Abstract
Background and purpose — Although plating is considered to be the treatment of choice in distal tibia fractures, controversies abound regarding the type of plating for optimal fixation. We conducted a systematic review to evaluate and compare the outcomes of locked plating and non-locked plating in treatment of distal tibia fractures.
Patients and methods — A systematic review was conducted using PubMed to identify articles on the outcomes of plating in distal tibia fractures that were published up to June 2012. We included English language articles involving a minimum of 10 adult cases with acute fractures treated using single-plate, minimally invasive techniques. Study-level binomial regression on the pooled data was conducted to determine the effect of locking status on different outcomes, adjusted for age, sex, and other independent variables.

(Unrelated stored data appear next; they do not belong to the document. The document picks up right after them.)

definition cong_gen :: "'a set \<Rightarrow> ('a \<Rightarrow> 'a \<Rightarrow> 'a) \<Rightarrow> 'a \<Rightarrow> ('a \<times> 'a) set \<Rightarrow> ('a \<times> 'a) set" where
  "cong_gen S op e G = \<Inter>{R. congruence_rl S op e R \<and> G \<subseteq> R}"

definition fS :: "'a set \<Rightarrow> ('a \<Rightarrow> 'a \<Rightarrow> 'a) \<Rightarrow> 'a \<Rightarrow> 'a \<Rightarrow> 'a \<Rightarrow> 'a" where
  "fS S op y z x = rdiv S op (op (op x y) z) (op y z)"

definition thetaS :: "'a \<Rightarrow> ('a \<Rightarrow> 'a) \<Rightarrow> 'a" where
  "thetaS x h = h x"

text \<open>Quotient right loop S/R: classes T o x with T the class of e,
  operation (T o x)(T o y) = T o (x o y).\<close>
definition rcoset_rl :: "('a \<Rightarrow> 'a \<Rightarrow> 'a) \<Rightarrow> 'a set \<Rightarrow> 'a \<Rightarrow> 'a set" where
  "rcoset_rl op T x = (\<lambda>t. op t x) ` T"

definition quot_rl :: "'a set \<Rightarrow> ('a \<Rightarrow> 'a \<Rightarrow> 'a) \<Rightarrow> 'a \<Rightarrow> ('a \<times> 'a) set \<Rightarrow> 'a set monoid" where
  "quot_rl S op e R =
    (let T = R `` {e} in
     \<lparr> carrier = {rcoset_rl op T x | x. x \<in> S},
       mult = (\<lambda>A B. rcoset_rl op T
                 (op (SOME x. x \<in> S \<and> A = rcoset_rl op T x)
                     (SOME y. y \<in> S \<and> B = rcoset_rl op T y))),
       one = rcoset_rl op T e \<rparr>)"

end

theory Submission
  imports Defs
begin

Results — 27 studies met the inclusion criteria and were included in the final analysis of 764 cases (499 locking, 265 non-locking). Based on descriptive analysis only, delayed union was reported in 6% of cases with locked plating and in 4% of cases with non-locked plating. Non-union was reported in 2% of cases with locked plating and 3% of cases with non-locked plating. Comparing locked and non-locked plating, the odds ratio (OR) for reoperation was 0.13 (95% CI: 0.03–0.57) and for malalignment it was 0.10 (95% CI: 0.02–0.42). Both values were statistically significant.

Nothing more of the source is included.